> [Activity]:
Scan the data for "assumes" and copy each matching line.

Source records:
Content starts
lemma binomial_inversion_0:
  fixes E :: "nat \<Rightarrow> 'a::comm_ring_1"
  assumes rel: "\<And>t. 1 \<le> t \<Longrightarrow> t \<le> m \<Longrightarrow> (\<Sum>i\<le>t. E i * of_nat ((m - i) choose (t - i))) = 0"
  shows "s \<le> m \<Longrightarrow> E s = (-1) ^ s * of_nat (m choose s) * E 0"
proof (induction s rule: less_induct)
  case (less s)
  show ?case
  proof (cases "s = 0")
    case False
    then have s: "1 \<le> s" "s \<le> m"
      using less.prems by auto
    have IH: "E i * of_nat ((m - i) choose (s - i))
        = (-1) ^ i * of_nat ((m choose i) * ((m - i) choose (s - i))) * E 0" if "i < s" for i
      using less.IH[of i] that s by (simp add: algebra_simps)
    have "0 = (\<Sum>i\<le>s. E i * of_nat ((m - i) choose (s - i)))"
      using rel[OF s] by simp
    also have "\<dots> = (\<Sum>i<s. E i * of_nat ((m - i) choose (s - i))) + E s"
      by (simp add: lessThan_Suc_atMost[symmetric])
    also have "(\<Sum>i<s. E i * of_nat ((m - i) choose (s - i)))
        = (\<Sum>i<s. (-1) ^ i * of_nat ((m choose i) * ((m - i) choose (s - i)))) * E 0"
      by (simp add: IH sum_distrib_right)
    also have "(\<Sum>i<s. (-1) ^ i * of_nat ((m choose i) * ((m - i) choose (s - i))) :: 'a)
        = - ((-1) ^ s * of_nat (m choose s))"
      using sum_alternating_choose_mult[OF s, where 'a = 'a]
      by (simp add: lessThan_Suc_atMost[symmetric] eq_neg_iff_add_eq_0)
    finally show ?thesis
      by (simp add: algebra_simps eq_neg_iff_add_eq_0)
  qed simp
qed

lemma binomial_inversion:
  fixes D :: "nat \<Rightarrow> 'a::comm_ring_1"
  assumes below: "\<And>k. k < j \<Longrightarrow> D k = 0"
    and rel: "\<And>t. j < t \<Longrightarrow> t \<le> n \<Longrightarrow> (\<Sum>k\<le>t. D k * of_nat ((n - k) choose (t - k))) = 0"
    and "j \<le> k" "k \<le> n"
  shows "D k = (-1) ^ (k - j) * of_nat ((n - j) choose (k - j)) * D j"
proof -
  have shifted: "(\<Sum>i\<le>s. D (i + j) * of_nat ((n - j - i) choose (s - i))) = 0"
    if "1 \<le> s" "s \<le> n - j" for s
  proof -
    have "{..s + j} = {..<j} \<union> {0 + j..s + j}"
      by auto
    then have "(\<Sum>k\<le>s + j. D k * of_nat ((n - k) choose (s + j - k)))
        = (\<Sum>k<j. D k * of_nat ((n - k) choose (s + j - k)))
          + (\<Sum>k = 0 + j..s + j. D k * of_nat ((n - k) choose (s + j - k)))"
      by (simp add: sum.union_disjoint ivl_disj_int)
    also have "\<dots> = (\<Sum>k = 0 + j..s + j. D k * of_nat ((n - k) choose (s + j - k)))"
      using below by simp
    also have "\<dots> = (\<Sum>i\<le>s. D (i + j) * of_nat ((n - j - i) choose (s - i)))"
      by (simp only: sum.shift_bounds_cl_nat_ivl atLeast0AtMost) (simp add: diff_diff_add add.commute)
    finally show ?thesis
      using rel[of "s + j"] that by simp
  qed
  show ?thesis
    using binomial_inversion_0[of "n - j" "\<lambda>i. D (i + j)" "k - j", OF shifted] assms by simp
qed

lemma binomial_inversion_reflect:
  fixes D :: "nat \<Rightarrow> 'a::comm_ring_1"
  assumes D: "\<And>k. j \<le> k \<Longrightarrow> k \<le> n \<Longrightarrow> D k = (-1) ^ (k - j) * of_nat ((n - j) choose (k - j)) * D j"
    and k: "j \<le> k" "k \<le> n"
  shows "D (n + j - k) = (-1) ^ (n - j) * D k"
proof -
  define m a where "m = n - j" and "a = k - j"
  have a: "a \<le> m" "n + j - k - j = m - a"
    using k by (auto simp: m_def a_def)
  have sign: "(-1) ^ m * (-1) ^ a = ((-1) ^ (m - a) :: 'a)"
  proof -
    have "(-1) ^ m * (-1) ^ a = ((-1) ^ (m + a) :: 'a)"
      by (simp add: power_add)
    also have "m + a = (m - a) + 2 * a"
      using a by simp
    also have "(-1) ^ ((m - a) + 2 * a) = ((-1) ^ (m - a) :: 'a)"
      by (simp add: power_add power_mult)
    finally show ?thesis .
  qed
  have "D (n + j - k) = (-1) ^ (m - a) * of_nat (m choose (m - a)) * D j"
    using D[of "n + j - k"] k a(2) by (simp add: m_def)
  also have "\<dots> = (-1) ^ m * ((-1) ^ a * of_nat (m choose a) * D j)"
    unfolding sign[symmetric] binomial_symmetric[OF a(1), symmetric] by (simp only: mult.assoc)
  also have "\<dots> = (-1) ^ (n - j) * D k"
    using D[of k] k by (simp add: m_def a_def)
  finally show ?thesis .
qed

definition syndrome :: "('a::field option \<Rightarrow> 'a) \<Rightarrow> nat \<Rightarrow> 'a" where
  "syndrome x k = (\<Sum>p\<in>UNIV. x p * pcm_col p k)"

lemma syndrome_add: "syndrome (\<lambda>p. x p + y p) k = syndrome x k + syndrome y k"
  by (simp add: syndrome_def algebra_simps sum.distrib)

lemma syndrome_diff: "syndrome (\<lambda>p. x p - y p) k = syndrome x k - syndrome y k"
  by (simp add: syndrome_def algebra_simps sum_subtractf)

lemma cubic_code_iff_syndrome: "c \<in> cubic_code \<longleftrightarrow> (\<forall>k<4. syndrome c k = 0)"
  by (simp add: cubic_code_def syndrome_def)

lemma coset_iff_syndrome: "x \<in> coset u \<longleftrightarrow> (\<forall>k<4. syndrome x k = syndrome u k)"
proof
  assume "x \<in> coset u"
  then obtain c where "c \<in> cubic_code" "x = (\<lambda>p. u p + c p)"
    by (auto simp: coset_def)
  then show "\<forall>k<4. syndrome x k = syndrome u k"
    by (simp add: syndrome_add cubic_code_iff_syndrome)
next
  assume "\<forall>k<4. syndrome x k = syndrome u k"
  then have "(\<lambda>p. x p - u p) \<in> cubic_code"
    by (simp add: syndrome_diff cubic_code_iff_syndrome)
  then show "x \<in> coset u"
    unfolding coset_def by (intro CollectI exI[of _ "\<lambda>p. x p - u p"]) simp
qed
Content ends
> [Result]:
  assumes rel: "\<And>t. 1 \<le> t \<Longrightarrow> t \<le> m \<Longrightarrow> (\<Sum>i\<le>t. E i * of_nat ((m - i) choose (t - i))) = 0"
  assumes below: "\<And>k. k < j \<Longrightarrow> D k = 0"
  assumes D: "\<And>k. j \<le> k \<Longrightarrow> k \<le> n \<Longrightarrow> D k = (-1) ^ (k - j) * of_nat ((n - j) choose (k - j)) * D j"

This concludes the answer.